Data shown –
· · · ·

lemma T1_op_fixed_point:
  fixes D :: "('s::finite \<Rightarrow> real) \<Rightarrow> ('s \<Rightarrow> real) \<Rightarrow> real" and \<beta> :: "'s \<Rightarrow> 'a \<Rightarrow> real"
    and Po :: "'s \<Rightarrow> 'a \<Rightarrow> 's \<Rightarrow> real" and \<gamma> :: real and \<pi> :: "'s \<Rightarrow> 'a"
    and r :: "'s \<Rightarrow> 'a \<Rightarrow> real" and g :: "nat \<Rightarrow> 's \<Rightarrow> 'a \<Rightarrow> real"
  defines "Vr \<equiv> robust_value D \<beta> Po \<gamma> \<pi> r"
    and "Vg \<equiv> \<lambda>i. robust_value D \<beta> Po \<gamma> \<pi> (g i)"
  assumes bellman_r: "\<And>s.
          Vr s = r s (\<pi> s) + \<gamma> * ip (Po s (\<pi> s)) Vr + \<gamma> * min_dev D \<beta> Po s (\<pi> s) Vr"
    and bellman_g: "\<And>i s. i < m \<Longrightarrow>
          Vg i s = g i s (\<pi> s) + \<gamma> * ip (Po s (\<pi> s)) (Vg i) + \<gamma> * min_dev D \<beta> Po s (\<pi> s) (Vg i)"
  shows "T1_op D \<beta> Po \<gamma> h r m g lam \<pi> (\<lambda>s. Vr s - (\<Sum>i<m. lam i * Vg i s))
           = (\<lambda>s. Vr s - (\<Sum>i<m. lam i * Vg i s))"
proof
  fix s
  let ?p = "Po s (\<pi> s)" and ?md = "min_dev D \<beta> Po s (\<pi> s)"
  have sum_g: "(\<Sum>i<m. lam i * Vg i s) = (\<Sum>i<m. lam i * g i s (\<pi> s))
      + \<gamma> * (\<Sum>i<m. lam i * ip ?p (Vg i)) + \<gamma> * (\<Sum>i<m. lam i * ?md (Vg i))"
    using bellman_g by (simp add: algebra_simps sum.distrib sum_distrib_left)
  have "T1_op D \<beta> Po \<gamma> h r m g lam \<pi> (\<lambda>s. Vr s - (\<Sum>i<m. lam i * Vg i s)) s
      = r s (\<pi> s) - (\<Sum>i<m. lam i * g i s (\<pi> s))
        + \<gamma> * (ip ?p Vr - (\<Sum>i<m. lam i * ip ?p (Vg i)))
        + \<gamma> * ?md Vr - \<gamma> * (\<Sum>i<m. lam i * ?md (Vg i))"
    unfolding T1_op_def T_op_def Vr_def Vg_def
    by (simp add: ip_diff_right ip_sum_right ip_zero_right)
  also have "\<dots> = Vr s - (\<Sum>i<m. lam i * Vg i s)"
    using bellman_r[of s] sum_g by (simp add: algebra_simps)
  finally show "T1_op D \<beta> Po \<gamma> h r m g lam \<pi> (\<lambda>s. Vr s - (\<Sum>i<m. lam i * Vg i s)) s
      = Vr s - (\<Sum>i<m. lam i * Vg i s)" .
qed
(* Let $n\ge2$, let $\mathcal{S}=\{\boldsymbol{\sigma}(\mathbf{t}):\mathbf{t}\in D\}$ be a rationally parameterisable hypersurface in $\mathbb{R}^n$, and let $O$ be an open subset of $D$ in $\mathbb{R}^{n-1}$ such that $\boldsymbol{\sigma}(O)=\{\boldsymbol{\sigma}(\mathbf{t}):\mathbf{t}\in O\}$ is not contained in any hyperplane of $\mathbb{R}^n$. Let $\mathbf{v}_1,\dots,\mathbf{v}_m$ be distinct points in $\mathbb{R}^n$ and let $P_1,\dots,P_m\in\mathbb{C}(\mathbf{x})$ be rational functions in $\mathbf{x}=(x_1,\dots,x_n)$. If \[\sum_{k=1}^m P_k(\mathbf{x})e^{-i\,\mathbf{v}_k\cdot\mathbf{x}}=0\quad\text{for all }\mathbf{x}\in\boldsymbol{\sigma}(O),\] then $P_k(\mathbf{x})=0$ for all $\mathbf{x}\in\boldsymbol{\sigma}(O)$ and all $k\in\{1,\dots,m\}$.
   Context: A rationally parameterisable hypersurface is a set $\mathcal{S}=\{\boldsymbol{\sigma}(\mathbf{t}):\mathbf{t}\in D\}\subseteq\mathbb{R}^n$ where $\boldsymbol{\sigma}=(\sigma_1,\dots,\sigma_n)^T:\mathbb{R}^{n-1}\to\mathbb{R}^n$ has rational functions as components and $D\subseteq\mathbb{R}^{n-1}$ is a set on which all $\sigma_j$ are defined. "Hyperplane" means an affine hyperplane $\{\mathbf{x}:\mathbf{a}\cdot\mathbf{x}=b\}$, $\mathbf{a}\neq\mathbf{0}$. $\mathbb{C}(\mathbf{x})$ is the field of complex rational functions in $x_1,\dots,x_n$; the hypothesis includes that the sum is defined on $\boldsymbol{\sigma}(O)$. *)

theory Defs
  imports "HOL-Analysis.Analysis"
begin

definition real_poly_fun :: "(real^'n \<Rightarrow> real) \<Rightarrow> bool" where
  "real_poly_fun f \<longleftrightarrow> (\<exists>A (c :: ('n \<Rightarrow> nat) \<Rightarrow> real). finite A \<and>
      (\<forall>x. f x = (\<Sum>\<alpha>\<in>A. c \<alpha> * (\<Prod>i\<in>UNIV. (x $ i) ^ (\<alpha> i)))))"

· · · ·

Your task – Report back each line of the entries that holds the string "finite".

Answer box –
  fixes D :: "('s::finite \<Rightarrow> real) \<Rightarrow> ('s \<Rightarrow> real) \<Rightarrow> real" and \<beta> :: "'s \<Rightarrow> 'a \<Rightarrow> real"
  "real_poly_fun f \<longleftrightarrow> (\<exists>A (c :: ('n \<Rightarrow> nat) \<Rightarrow> real). finite A \<and>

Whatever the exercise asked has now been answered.